The problem: Reproduce every record exactly.

################

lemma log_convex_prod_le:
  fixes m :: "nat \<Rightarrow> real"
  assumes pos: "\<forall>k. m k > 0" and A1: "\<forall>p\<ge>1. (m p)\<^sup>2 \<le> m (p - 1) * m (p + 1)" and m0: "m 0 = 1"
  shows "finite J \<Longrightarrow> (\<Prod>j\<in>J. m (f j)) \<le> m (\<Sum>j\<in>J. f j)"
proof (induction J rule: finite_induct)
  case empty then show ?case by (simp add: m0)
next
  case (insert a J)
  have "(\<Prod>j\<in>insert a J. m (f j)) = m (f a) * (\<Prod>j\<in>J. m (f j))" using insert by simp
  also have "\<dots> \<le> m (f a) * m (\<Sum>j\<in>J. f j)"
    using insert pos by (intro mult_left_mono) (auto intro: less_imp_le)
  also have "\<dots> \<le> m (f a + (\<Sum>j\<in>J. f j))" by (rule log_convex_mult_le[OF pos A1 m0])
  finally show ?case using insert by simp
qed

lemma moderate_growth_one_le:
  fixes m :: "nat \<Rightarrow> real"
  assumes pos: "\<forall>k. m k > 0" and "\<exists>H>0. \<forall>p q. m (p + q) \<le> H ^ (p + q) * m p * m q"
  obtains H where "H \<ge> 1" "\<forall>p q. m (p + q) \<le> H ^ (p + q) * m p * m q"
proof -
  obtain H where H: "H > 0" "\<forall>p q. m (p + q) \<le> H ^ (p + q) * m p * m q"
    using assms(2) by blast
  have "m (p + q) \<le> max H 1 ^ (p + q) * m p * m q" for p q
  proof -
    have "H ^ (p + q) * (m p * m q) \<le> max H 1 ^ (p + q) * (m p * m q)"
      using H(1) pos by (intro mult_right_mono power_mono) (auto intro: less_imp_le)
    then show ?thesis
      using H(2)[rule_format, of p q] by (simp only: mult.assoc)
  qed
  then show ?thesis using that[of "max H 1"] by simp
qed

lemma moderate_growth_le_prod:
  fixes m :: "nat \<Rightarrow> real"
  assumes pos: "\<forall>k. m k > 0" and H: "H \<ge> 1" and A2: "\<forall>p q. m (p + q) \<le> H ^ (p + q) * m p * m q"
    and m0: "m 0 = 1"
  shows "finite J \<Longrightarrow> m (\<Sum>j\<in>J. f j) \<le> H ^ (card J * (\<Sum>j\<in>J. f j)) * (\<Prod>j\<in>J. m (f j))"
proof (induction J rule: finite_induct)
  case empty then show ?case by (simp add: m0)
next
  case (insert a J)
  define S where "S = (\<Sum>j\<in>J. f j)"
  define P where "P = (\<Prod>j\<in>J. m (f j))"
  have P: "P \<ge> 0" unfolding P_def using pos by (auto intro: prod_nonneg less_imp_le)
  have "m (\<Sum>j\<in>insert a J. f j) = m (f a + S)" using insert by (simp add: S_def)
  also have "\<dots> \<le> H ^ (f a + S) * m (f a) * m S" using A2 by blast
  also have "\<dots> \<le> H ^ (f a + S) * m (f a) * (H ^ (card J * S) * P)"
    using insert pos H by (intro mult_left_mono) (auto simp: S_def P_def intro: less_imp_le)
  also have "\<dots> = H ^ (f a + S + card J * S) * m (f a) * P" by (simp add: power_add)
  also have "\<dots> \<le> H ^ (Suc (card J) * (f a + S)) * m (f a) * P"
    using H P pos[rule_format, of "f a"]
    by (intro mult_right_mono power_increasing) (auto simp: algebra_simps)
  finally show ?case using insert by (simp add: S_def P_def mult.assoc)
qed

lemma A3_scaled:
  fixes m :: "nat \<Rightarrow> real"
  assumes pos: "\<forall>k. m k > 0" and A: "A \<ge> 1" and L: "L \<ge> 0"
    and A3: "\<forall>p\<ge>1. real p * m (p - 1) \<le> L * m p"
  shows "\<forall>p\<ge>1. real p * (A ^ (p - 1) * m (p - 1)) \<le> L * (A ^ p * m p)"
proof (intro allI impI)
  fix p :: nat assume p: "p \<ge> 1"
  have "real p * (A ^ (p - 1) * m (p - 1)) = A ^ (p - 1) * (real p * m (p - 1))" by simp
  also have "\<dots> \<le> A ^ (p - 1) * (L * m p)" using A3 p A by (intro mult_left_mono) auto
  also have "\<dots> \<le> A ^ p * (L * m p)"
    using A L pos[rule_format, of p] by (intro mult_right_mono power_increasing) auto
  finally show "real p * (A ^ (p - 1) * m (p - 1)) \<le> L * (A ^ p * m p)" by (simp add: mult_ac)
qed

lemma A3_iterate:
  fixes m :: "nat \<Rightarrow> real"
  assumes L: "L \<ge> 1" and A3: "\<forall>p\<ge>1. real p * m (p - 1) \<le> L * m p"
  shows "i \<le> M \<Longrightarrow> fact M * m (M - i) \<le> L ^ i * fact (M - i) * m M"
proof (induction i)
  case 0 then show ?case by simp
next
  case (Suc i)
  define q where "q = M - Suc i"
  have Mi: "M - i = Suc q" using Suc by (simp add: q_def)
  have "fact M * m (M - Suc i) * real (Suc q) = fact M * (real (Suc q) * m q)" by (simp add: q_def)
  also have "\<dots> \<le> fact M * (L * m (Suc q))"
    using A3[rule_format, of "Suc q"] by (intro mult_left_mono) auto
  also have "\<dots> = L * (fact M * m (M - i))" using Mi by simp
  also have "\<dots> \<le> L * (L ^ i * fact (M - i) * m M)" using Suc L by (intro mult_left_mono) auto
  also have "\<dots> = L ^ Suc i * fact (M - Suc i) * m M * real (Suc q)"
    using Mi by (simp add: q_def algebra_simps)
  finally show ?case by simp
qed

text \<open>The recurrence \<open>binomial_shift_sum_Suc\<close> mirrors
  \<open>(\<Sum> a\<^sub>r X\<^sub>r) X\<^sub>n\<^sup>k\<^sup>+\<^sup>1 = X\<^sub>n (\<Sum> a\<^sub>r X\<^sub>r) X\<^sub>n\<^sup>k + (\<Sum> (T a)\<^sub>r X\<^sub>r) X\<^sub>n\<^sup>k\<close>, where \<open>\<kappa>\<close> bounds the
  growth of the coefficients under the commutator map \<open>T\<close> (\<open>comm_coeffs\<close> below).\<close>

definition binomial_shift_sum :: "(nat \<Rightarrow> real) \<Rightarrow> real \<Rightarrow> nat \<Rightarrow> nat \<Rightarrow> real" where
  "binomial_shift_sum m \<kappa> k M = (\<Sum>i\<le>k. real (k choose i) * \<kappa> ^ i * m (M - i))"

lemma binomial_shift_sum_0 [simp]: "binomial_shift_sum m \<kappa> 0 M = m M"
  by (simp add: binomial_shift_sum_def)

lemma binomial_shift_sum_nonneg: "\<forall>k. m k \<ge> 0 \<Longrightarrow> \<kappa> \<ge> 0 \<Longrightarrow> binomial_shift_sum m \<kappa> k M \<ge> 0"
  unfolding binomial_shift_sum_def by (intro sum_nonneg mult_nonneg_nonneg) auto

################

Response:
lemma log_convex_prod_le:
  fixes m :: "nat \<Rightarrow> real"
  assumes pos: "\<forall>k. m k > 0" and A1: "\<forall>p\<ge>1. (m p)\<^sup>2 \<le> m (p - 1) * m (p + 1)" and m0: "m 0 = 1"
  shows "finite J \<Longrightarrow> (\<Prod>j\<in>J. m (f j)) \<le> m (\<Sum>j\<in>J. f j)"
proof (induction J rule: finite_induct)
  case empty then show ?case by (simp add: m0)
next
  case (insert a J)
  have "(\<Prod>j\<in>insert a J. m (f j)) = m (f a) * (\<Prod>j\<in>J. m (f j))" using insert by simp
  also have "\<dots> \<le> m (f a) * m (\<Sum>j\<in>J. f j)"
    using insert pos by (intro mult_left_mono) (auto intro: less_imp_le)
  also have "\<dots> \<le> m (f a + (\<Sum>j\<in>J. f j))" by (rule log_convex_mult_le[OF pos A1 m0])
  finally show ?case using insert by simp
qed

lemma moderate_growth_one_le:
  fixes m :: "nat \<Rightarrow> real"
  assumes pos: "\<forall>k. m k > 0" and "\<exists>H>0. \<forall>p q. m (p + q) \<le> H ^ (p + q) * m p * m q"
  obtains H where "H \<ge> 1" "\<forall>p q. m (p + q) \<le> H ^ (p + q) * m p * m q"
proof -
  obtain H where H: "H > 0" "\<forall>p q. m (p + q) \<le> H ^ (p + q) * m p * m q"
    using assms(2) by blast
  have "m (p + q) \<le> max H 1 ^ (p + q) * m p * m q" for p q
  proof -
    have "H ^ (p + q) * (m p * m q) \<le> max H 1 ^ (p + q) * (m p * m q)"
      using H(1) pos by (intro mult_right_mono power_mono) (auto intro: less_imp_le)
    then show ?thesis
      using H(2)[rule_format, of p q] by (simp only: mult.assoc)
  qed
  then show ?thesis using that[of "max H 1"] by simp
qed

lemma moderate_growth_le_prod:
  fixes m :: "nat \<Rightarrow> real"
  assumes pos: "\<forall>k. m k > 0" and H: "H \<ge> 1" and A2: "\<forall>p q. m (p + q) \<le> H ^ (p + q) * m p * m q"
    and m0: "m 0 = 1"
  shows "finite J \<Longrightarrow> m (\<Sum>j\<in>J. f j) \<le> H ^ (card J * (\<Sum>j\<in>J. f j)) * (\<Prod>j\<in>J. m (f j))"
proof (induction J rule: finite_induct)
  case empty then show ?case by (simp add: m0)
next
  case (insert a J)
  define S where "S = (\<Sum>j\<in>J. f j)"
  define P where "P = (\<Prod>j\<in>J. m (f j))"
  have P: "P \<ge> 0" unfolding P_def using pos by (auto intro: prod_nonneg less_imp_le)
  have "m (\<Sum>j\<in>insert a J. f j) = m (f a + S)" using insert by (simp add: S_def)
  also have "\<dots> \<le> H ^ (f a + S) * m (f a) * m S" using A2 by blast
  also have "\<dots> \<le> H ^ (f a + S) * m (f a) * (H ^ (card J * S) * P)"
    using insert pos H by (intro mult_left_mono) (auto simp: S_def P_def intro: less_imp_le)
  also have "\<dots> = H ^ (f a + S + card J * S) * m (f a) * P" by (simp add: power_add)
  also have "\<dots> \<le> H ^ (Suc (card J) * (f a + S)) * m (f a) * P"
    using H P pos[rule_format, of "f a"]
    by (intro mult_right_mono power_increasing) (auto simp: algebra_simps)
  finally show ?case using insert by (simp add: S_def P_def mult.assoc)
qed

lemma A3_scaled:
  fixes m :: "nat \<Rightarrow> real"
  assumes pos: "\<forall>k. m k > 0" and A: "A \<ge> 1" and L: "L \<ge> 0"
    and A3: "\<forall>p\<ge>1. real p * m (p - 1) \<le> L * m p"
  shows "\<forall>p\<ge>1. real p * (A ^ (p - 1) * m (p - 1)) \<le> L * (A ^ p * m p)"
proof (intro allI impI)
  fix p :: nat assume p: "p \<ge> 1"
  have "real p * (A ^ (p - 1) * m (p - 1)) = A ^ (p - 1) * (real p * m (p - 1))" by simp
  also have "\<dots> \<le> A ^ (p - 1) * (L * m p)" using A3 p A by (intro mult_left_mono) auto
  also have "\<dots> \<le> A ^ p * (L * m p)"
    using A L pos[rule_format, of p] by (intro mult_right_mono power_increasing) auto
  finally show "real p * (A ^ (p - 1) * m (p - 1)) \<le> L * (A ^ p * m p)" by (simp add: mult_ac)
qed

lemma A3_iterate:
  fixes m :: "nat \<Rightarrow> real"
  assumes L: "L \<ge> 1" and A3: "\<forall>p\<ge>1. real p * m (p - 1) \<le> L * m p"
  shows "i \<le> M \<Longrightarrow> fact M * m (M - i) \<le> L ^ i * fact (M - i) * m M"
proof (induction i)
  case 0 then show ?case by simp
next
  case (Suc i)
  define q where "q = M - Suc i"
  have Mi: "M - i = Suc q" using Suc by (simp add: q_def)
  have "fact M * m (M - Suc i) * real (Suc q) = fact M * (real (Suc q) * m q)" by (simp add: q_def)
  also have "\<dots> \<le> fact M * (L * m (Suc q))"
    using A3[rule_format, of "Suc q"] by (intro mult_left_mono) auto
  also have "\<dots> = L * (fact M * m (M - i))" using Mi by simp
  also have "\<dots> \<le> L * (L ^ i * fact (M - i) * m M)" using Suc L by (intro mult_left_mono) auto
  also have "\<dots> = L ^ Suc i * fact (M - Suc i) * m M * real (Suc q)"
    using Mi by (simp add: q_def algebra_simps)
  finally show ?case by simp
qed

text \<open>The recurrence \<open>binomial_shift_sum_Suc\<close> mirrors
  \<open>(\<Sum> a\<^sub>r X\<^sub>r) X\<^sub>n\<^sup>k\<^sup>+\<^sup>1 = X\<^sub>n (\<Sum> a\<^sub>r X\<^sub>r) X\<^sub>n\<^sup>k + (\<Sum> (T a)\<^sub>r X\<^sub>r) X\<^sub>n\<^sup>k\<close>, where \<open>\<kappa>\<close> bounds the
  growth of the coefficients under the commutator map \<open>T\<close> (\<open>comm_coeffs\<close> below).\<close>

definition binomial_shift_sum :: "(nat \<Rightarrow> real) \<Rightarrow> real \<Rightarrow> nat \<Rightarrow> nat \<Rightarrow> real" where
  "binomial_shift_sum m \<kappa> k M = (\<Sum>i\<le>k. real (k choose i) * \<kappa> ^ i * m (M - i))"

lemma binomial_shift_sum_0 [simp]: "binomial_shift_sum m \<kappa> 0 M = m M"
  by (simp add: binomial_shift_sum_def)

lemma binomial_shift_sum_nonneg: "\<forall>k. m k \<ge> 0 \<Longrightarrow> \<kappa> \<ge> 0 \<Longrightarrow> binomial_shift_sum m \<kappa> k M \<ge> 0"
  unfolding binomial_shift_sum_def by (intro sum_nonneg mult_nonneg_nonneg) auto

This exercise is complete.